Saved data entries
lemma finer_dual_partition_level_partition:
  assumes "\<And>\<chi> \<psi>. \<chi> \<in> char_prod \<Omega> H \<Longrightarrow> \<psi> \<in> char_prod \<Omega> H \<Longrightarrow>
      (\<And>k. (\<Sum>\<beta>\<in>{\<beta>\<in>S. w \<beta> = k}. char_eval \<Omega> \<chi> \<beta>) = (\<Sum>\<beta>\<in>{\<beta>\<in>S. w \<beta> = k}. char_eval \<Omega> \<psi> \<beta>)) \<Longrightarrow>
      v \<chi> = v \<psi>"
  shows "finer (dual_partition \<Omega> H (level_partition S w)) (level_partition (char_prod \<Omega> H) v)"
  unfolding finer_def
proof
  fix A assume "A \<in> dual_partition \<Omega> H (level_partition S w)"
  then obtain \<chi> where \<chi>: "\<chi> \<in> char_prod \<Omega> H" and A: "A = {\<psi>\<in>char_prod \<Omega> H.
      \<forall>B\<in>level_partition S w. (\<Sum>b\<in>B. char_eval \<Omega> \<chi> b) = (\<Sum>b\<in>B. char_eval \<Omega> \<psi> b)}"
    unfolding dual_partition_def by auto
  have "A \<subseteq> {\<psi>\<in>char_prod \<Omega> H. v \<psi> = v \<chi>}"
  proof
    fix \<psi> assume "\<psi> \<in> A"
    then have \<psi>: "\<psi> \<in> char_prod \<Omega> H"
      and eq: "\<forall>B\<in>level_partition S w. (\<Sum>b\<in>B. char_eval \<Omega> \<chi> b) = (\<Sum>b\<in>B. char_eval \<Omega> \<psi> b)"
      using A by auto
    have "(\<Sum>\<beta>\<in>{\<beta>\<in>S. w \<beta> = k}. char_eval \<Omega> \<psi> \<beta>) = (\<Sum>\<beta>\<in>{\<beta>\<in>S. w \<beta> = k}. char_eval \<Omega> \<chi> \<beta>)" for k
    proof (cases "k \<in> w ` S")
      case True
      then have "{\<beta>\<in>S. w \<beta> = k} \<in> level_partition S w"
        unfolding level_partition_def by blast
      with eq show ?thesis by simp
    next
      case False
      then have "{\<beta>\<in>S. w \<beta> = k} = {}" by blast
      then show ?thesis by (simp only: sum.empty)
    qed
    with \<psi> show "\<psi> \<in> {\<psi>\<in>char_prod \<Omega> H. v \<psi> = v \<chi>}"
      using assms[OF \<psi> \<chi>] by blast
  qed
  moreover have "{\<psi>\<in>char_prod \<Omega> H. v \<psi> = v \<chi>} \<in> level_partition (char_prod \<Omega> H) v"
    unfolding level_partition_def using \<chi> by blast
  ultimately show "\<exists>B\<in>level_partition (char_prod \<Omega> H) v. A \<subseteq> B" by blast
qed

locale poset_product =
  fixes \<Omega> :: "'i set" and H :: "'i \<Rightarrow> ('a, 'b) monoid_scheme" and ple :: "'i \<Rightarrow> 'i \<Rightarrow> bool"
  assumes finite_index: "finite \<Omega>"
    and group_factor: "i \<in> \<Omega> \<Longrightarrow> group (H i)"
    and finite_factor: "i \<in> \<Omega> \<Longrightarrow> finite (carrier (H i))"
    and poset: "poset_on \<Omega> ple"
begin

...

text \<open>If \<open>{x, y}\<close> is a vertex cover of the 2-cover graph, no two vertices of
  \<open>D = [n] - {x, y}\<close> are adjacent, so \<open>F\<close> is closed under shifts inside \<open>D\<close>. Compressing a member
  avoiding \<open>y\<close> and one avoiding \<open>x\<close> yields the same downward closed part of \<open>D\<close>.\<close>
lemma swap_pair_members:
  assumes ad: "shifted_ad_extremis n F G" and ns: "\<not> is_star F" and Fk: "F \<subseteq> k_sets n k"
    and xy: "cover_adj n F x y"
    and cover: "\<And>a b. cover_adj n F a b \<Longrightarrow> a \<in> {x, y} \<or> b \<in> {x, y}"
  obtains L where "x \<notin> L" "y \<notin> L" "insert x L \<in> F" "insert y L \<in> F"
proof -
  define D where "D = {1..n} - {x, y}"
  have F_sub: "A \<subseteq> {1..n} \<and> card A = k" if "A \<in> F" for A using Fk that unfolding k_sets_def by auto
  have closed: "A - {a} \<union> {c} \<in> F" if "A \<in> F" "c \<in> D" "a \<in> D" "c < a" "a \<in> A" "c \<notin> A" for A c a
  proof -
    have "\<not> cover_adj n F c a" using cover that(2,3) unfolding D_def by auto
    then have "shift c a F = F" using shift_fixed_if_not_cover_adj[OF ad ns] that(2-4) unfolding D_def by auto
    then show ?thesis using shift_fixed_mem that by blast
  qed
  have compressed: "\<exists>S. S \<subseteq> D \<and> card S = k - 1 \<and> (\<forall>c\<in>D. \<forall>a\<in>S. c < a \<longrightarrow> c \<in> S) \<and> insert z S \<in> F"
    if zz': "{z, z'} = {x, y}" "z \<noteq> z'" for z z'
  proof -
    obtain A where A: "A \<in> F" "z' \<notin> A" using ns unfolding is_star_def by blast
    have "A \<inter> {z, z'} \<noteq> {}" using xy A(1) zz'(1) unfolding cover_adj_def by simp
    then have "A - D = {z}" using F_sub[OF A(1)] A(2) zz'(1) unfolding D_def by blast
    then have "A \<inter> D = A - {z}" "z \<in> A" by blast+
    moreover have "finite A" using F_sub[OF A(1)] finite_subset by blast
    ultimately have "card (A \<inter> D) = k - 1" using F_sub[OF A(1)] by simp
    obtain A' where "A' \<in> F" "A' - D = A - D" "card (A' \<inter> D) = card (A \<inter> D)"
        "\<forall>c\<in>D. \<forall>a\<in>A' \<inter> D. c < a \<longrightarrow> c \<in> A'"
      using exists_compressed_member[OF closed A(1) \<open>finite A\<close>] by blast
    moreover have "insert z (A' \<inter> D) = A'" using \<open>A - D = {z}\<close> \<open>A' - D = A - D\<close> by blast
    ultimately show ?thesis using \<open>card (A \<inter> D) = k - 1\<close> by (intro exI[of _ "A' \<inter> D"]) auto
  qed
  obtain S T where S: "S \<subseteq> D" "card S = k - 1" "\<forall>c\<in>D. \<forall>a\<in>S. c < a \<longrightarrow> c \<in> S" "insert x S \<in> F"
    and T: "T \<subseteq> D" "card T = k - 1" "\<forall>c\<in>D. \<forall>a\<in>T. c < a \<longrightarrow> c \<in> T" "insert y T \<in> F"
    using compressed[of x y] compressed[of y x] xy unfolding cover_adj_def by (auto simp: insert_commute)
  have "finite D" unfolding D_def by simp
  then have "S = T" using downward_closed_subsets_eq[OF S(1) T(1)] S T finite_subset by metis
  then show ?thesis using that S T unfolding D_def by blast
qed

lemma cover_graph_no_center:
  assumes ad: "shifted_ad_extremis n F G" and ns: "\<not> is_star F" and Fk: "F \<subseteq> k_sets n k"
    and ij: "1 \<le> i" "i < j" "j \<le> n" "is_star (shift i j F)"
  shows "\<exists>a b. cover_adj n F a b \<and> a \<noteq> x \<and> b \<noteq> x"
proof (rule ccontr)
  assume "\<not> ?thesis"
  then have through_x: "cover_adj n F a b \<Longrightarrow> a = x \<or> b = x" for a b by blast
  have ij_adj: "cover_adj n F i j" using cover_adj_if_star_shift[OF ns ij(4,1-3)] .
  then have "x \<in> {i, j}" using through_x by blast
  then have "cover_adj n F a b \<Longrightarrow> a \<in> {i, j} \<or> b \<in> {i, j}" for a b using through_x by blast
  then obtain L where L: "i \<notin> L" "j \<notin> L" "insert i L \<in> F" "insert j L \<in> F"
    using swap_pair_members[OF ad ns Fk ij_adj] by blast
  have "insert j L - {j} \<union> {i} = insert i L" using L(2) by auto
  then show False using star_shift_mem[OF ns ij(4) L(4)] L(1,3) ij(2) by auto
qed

▶ _EXERCISE DETAILS_: Working from the data above, extract solely the lines from the one containing "zz'(1) unfolding D_def by blast" through the one containing "using compressed[of x", exactly as they appear, both included.

▶ _COMPLETED TASK_:
    then have "A - D = {z}" using F_sub[OF A(1)] A(2) zz'(1) unfolding D_def by blast
    then have "A \<inter> D = A - {z}" "z \<in> A" by blast+
    moreover have "finite A" using F_sub[OF A(1)] finite_subset by blast
    ultimately have "card (A \<inter> D) = k - 1" using F_sub[OF A(1)] by simp
    obtain A' where "A' \<in> F" "A' - D = A - D" "card (A' \<inter> D) = card (A \<inter> D)"
        "\<forall>c\<in>D. \<forall>a\<in>A' \<inter> D. c < a \<longrightarrow> c \<in> A'"
      using exists_compressed_member[OF closed A(1) \<open>finite A\<close>] by blast
    moreover have "insert z (A' \<inter> D) = A'" using \<open>A - D = {z}\<close> \<open>A' - D = A - D\<close> by blast
    ultimately show ?thesis using \<open>card (A \<inter> D) = k - 1\<close> by (intro exI[of _ "A' \<inter> D"]) auto
  qed
  obtain S T where S: "S \<subseteq> D" "card S = k - 1" "\<forall>c\<in>D. \<forall>a\<in>S. c < a \<longrightarrow> c \<in> S" "insert x S \<in> F"
    and T: "T \<subseteq> D" "card T = k - 1" "\<forall>c\<in>D. \<forall>a\<in>T. c < a \<longrightarrow> c \<in> T" "insert y T \<in> F"
    using compressed[of x y] compressed[of y x] xy unfolding cover_adj_def by (auto simp: insert_commute)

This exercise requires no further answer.